ニッポニカ・ビオラ弾きのブログ

芥川也寸志メモリアル オーケストラ・ニッポニカのビオラ弾きのブログです

『オデュッセイア』その3

4/13の続きです。写真は満開のトネリコです(右の常緑樹は月桂樹)。トネリコトロイア戦争のあった3千年前から同じ花を咲かせていたのでしょうか。そんなことを考えるのも、『イリアス』『オデュッセイア』という物語が3千年の時空を越えて現代に伝わっているからです。この物語は最初は口承で、その後写本によって伝えられてきたわけですが、口承や写本ですから途中でいろいろな話が付け加わったり削られたりしてきたことと思います。しかし昔トロイアで戦争があったこと、英雄が帰還したことはきっと事実なのでしょう。シュリーマンが遺跡を発掘して証明したのですから。そして更に日本語への翻訳者の手を経て私たちはこれを読む事ができます。
翻って音楽のことを考えると、作曲者がいて演奏者がいて楽譜があって初めて過去の音楽が現代にそして未来へ伝わります。
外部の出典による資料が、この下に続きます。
(* For a finite set $R$ of pairs $(r,s)$ of extended regular expressions (read as inequalities $r\mathrel{\dot\sqsubseteq}s$), define \[F(R)=R\cup\{(\nabla_A(r),\Delta_A(s))\mid (r,s)\in R,\ A\in\mathrm{next}(r)\ltimes\mathrm{next}(s),\ A\neq\emptyset\}.\] Then for all extended regular expressions $r,s$, the set $\bigcup_{i\in\mathbb N}F^{(i)}(\{(r,s)\})$ contains only finitely many pairs up to componentwise similarity.
   Context: $\Sigma$ is a countable (possibly infinite) alphabet. Literals are sets of symbols drawn from a fixed family $U\subseteq\mathcal P(\Sigma)$ containing $\emptyset$, $\Sigma$ and all singletons and closed under union, intersection and complement $\overline{A}=\Sigma\setminus A$. Extended regular expressions (EREs) are generated by $r,s ::= \epsilon \mid A \mid r+s \mid r\cdot s \mid r^* \mid r\,\&\,s \mid \neg r$ with $A$ a literal; the empty literal is written $\emptyset$. Similarity is the smallest congruence on EREs containing $r+s\sim s+r$, $(r+s)+t\sim r+(s+t)$, $r+r\sim r$ and $r+\emptyset\sim r$. Nullability: $\nu(\epsilon)=\nu(r^* )=\mathit{true}$, $\nu(A)=\mathit{false}$, $\nu(r+s)=\nu(r)\vee\nu(s)$, $\nu(r\cdot s)=\nu(r\&s)=\nu(r)\wedge\nu(s)$, $\nu(\neg r)=\neg\nu(r)$. Positive and negative derivatives with respect to a nonempty literal $B$, by simultaneous recursion: $\Delta_B(\epsilon)=\nabla_B(\epsilon)=\emptyset$; $\Delta_B(A)=\epsilon$ if $A\cap B\neq\emptyset$, else $\emptyset$; $\nabla_B(A)=\epsilon$ if $B\subseteq A$, else $\emptyset$; for $\square\in\{\Delta,\nabla\}$: $\square_B(r+s)=\square_B(r)+\square_B(s)$, $\square_B(r\cdot s)=\square_B(r)\cdot s+\square_B(s)$ if $\nu(r)$ and $\square_B(r)\cdot s$ otherwise, $\square_B(r^* )=\square_B(r)\cdot r^*$, $\square_B(r\&s)=\square_B(r)\&\square_B(s)$; $\Delta_B(\neg r)=\neg\nabla_B(r)$, $\nabla_B(\neg r)=\neg\Delta_B(r)$. Join: $\mathfrak L_1\Join\mathfrak L_2=\{A_1\cap A_2,\ A_1\cap\overline{\bigcup\mathfrak L_2},\ \overline{\bigcup\mathfrak L_1}\cap A_2 \mid A_1\in\mathfrak L_1, A_2\in\mathfrak L_2\}$; left join $\mathfrak L_1\ltimes\mathfrak L_2=\{A_1\cap A_2,\ A_1\cap\overline{\bigcup\mathfrak L_2}\mid A_1\in\mathfrak L_1, A_2\in\mathfrak L_2\}$; $\mathfrak L_1\sqcap\mathfrak L_2=\{A_1\cap A_2\mid A_1\in\mathfrak L_1,A_2\in\mathfrak L_2\}$. Next literals: $\mathrm{next}(\epsilon)=\{\emptyset\}$; $\mathrm{next}(A)=\{A\}$; $\mathrm{next}(r+s)=\mathrm{next}(r)\Join\mathrm{next}(s)$; $\mathrm{next}(r\cdot s)=\mathrm{next}(r)\Join\mathrm{next}(s)$ if $\nu(r)$ and $\mathrm{next}(r)$ otherwise; $\mathrm{next}(r^* )=\mathrm{next}(r)$; $\mathrm{next}(r\&s)=\mathrm{next}(r)\sqcap\mathrm{next}(s)$; $\mathrm{next}(\neg r)=\mathrm{next}(r)\cup\{\bigcap_{A\in\mathrm{next}(r)}\overline{A}\}$. *)

theory Defs
  imports "HOL-Library.Countable"
begin

datatype 'a ere = Eps | Lit "'a set" | Plus "'a ere" "'a ere" | Times "'a ere" "'a ere"
  | Star "'a ere" | Inter "'a ere" "'a ere" | Neg "'a ere"
lemma eventually_fundamental_solution_compose:
  fixes Q :: "real \<Rightarrow> 'n::finite cmat" and U :: "real \<Rightarrow> real \<Rightarrow> 'n cmat"
  assumes anal: "analytic_near Q t \<delta>"
    and U_ode: "\<And>s s0. \<bar>s - t\<bar> < \<delta> \<Longrightarrow> \<bar>s0 - t\<bar> < \<delta> \<Longrightarrow>
        ((\<lambda>r. U r s0) has_vector_derivative (Q s ** U s s0)) (at s)"
    and U_init: "\<And>s0. \<bar>s0 - t\<bar> < \<delta> \<Longrightarrow> U s0 s0 = mat 1"
  shows "eventually (\<lambda>x. U (t + x/2) (t - x/2) ** U (t - x/2) t = U (t + x/2) t) (nhds 0)"
proof -
  have "0 < \<delta>"
    and Q': "\<And>k s. \<bar>s - t\<bar> < \<delta> \<Longrightarrow> (hderiv k Q has_vector_derivative hderiv (Suc k) Q s) (at s)"
    using anal by (auto simp: analytic_near_def)
  obtain M where M: "\<And>h. \<bar>h\<bar> \<le> \<delta>/2 \<Longrightarrow> norm (Q (t + h)) \<le> M"
    using taylor_remainder_bound[of t \<delta> "\<lambda>k. hderiv k Q" 0, OF Q' \<open>0 < \<delta>\<close>] by auto
  define L where "L = 2 * (real CARD('n) ^ 3 * \<bar>M\<bar> + 1)"
  have "0 < L"
    unfolding L_def by (intro mult_pos_pos add_nonneg_pos) auto
  define e where "e = min \<delta> (1 / L)"
  have "0 < e"
    using \<open>0 < \<delta>\<close> \<open>0 < L\<close> by (simp add: e_def)
  have "U (t + x/2) (t - x/2) ** U (t - x/2) t = U (t + x/2) t" if "\<bar>x\<bar> < e" for x
  proof (rule fundamental_solution_compose[OF U_ode U_init _ abs_ge_zero \<open>0 < \<delta>\<close>])
    show "norm (Q r) \<le> \<bar>M\<bar>" if "\<bar>r - t\<bar> \<le> \<delta>/2" for r
      using M[of "r - t"] that by simp
    show "\<bar>t - x/2 - t\<bar> \<le> \<delta>/2" "\<bar>t + x/2 - t\<bar> \<le> \<delta>/2"
      using that by (auto simp: e_def)
    have "\<bar>x\<bar> * L < 1"
      using that \<open>0 < L\<close> by (simp add: e_def field_simps)
    then show "\<bar>t + x/2 - (t - x/2)\<bar> * (real CARD('n) ^ 3 * \<bar>M\<bar>) \<le> 1/2"
      by (simp add: L_def algebra_simps)
  qed auto
  moreover have "eventually (\<lambda>x. \<bar>x\<bar> < e) (nhds (0::real))"
    using \<open>0 < e\<close> unfolding eventually_nhds_metric by (intro exI[of _ e]) (auto simp: dist_real_def)
  ultimately show ?thesis
    by (auto elim!: eventually_mono)
qed
lemma irredundant_separating_functional:
  fixes B :: "(rat ^ 'n::finite) set"
  assumes B: "finite B" and sc: "strongly_convex (qcone B)"
    and irred: "\<forall>h\<in>B. h \<notin> qcone (B - {h})" and r: "r \<in> B" and g: "g \<in> B" "g \<noteq> r"
  shows "\<exists>m. (\<forall>h\<in>B. 0 \<le> qdot h m) \<and> qdot r m = 0 \<and> 0 < qdot g m"
proof -
  define I where "I = insert None (Some ` B)"
  define a where "a i = (case i of None \<Rightarrow> r | Some h \<Rightarrow> - h)" for i
  have "finite I" using B by (simp add: I_def)
  from farkas_alternative[OF this, of a g] show ?thesis
  proof
    assume "\<exists>x. (\<forall>i\<in>I. qdot (a i) x \<le> 0) \<and> 0 < qdot g x"
    then obtain x where x: "qdot r x \<le> 0" "\<forall>h\<in>B. 0 \<le> qdot h x" "0 < qdot g x"
      by (auto simp: I_def a_def qdot_neg_left)
    then show ?thesis using r by (intro exI[of _ x]) force
  next
    assume "\<exists>l. (\<forall>i\<in>I. 0 \<le> l i) \<and> g = (\<Sum>i\<in>I. l i *s a i)"
    then obtain l where l: "\<forall>i\<in>I. 0 \<le> l i" "g = (\<Sum>i\<in>I. l i *s a i)" by blast
    have "l None *s r - g = (\<Sum>h\<in>B. l (Some h) *s h)"
      using B unfolding l(2) I_def by (simp add: a_def sum.reindex sum_negf[symmetric])
    then have "l None *s r - g \<in> qcone B"
      using l(1) B by (subst qcone_finite) (auto simp: I_def)
    then show ?thesis using irredundant_diff_notin_qcone[OF B sc irred r g] by blast
  qed
qed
ニッポニカで続けてきたのもそうした伝承のひとつの環なのだなあと思います。現代では口承や写本だけでなく、録音やブログやツイッターも伝承メディアになり得ますが、電気にたよらず伝えられるのはやはり紙の楽譜かもしれません。紙の楽譜も現在はPC入力されたものを使うのが一般的になってきましたが、手書きの楽譜にこめられた作曲者の思いを想像する楽しみは捨てがたいものがあります。もっともこのごろは作曲者もいきなりPCに入力する時代になりましたが。ホメロスがPCで『オデュッセイア』を書いたとしたらと想像するのはなかなか面白いです。(完)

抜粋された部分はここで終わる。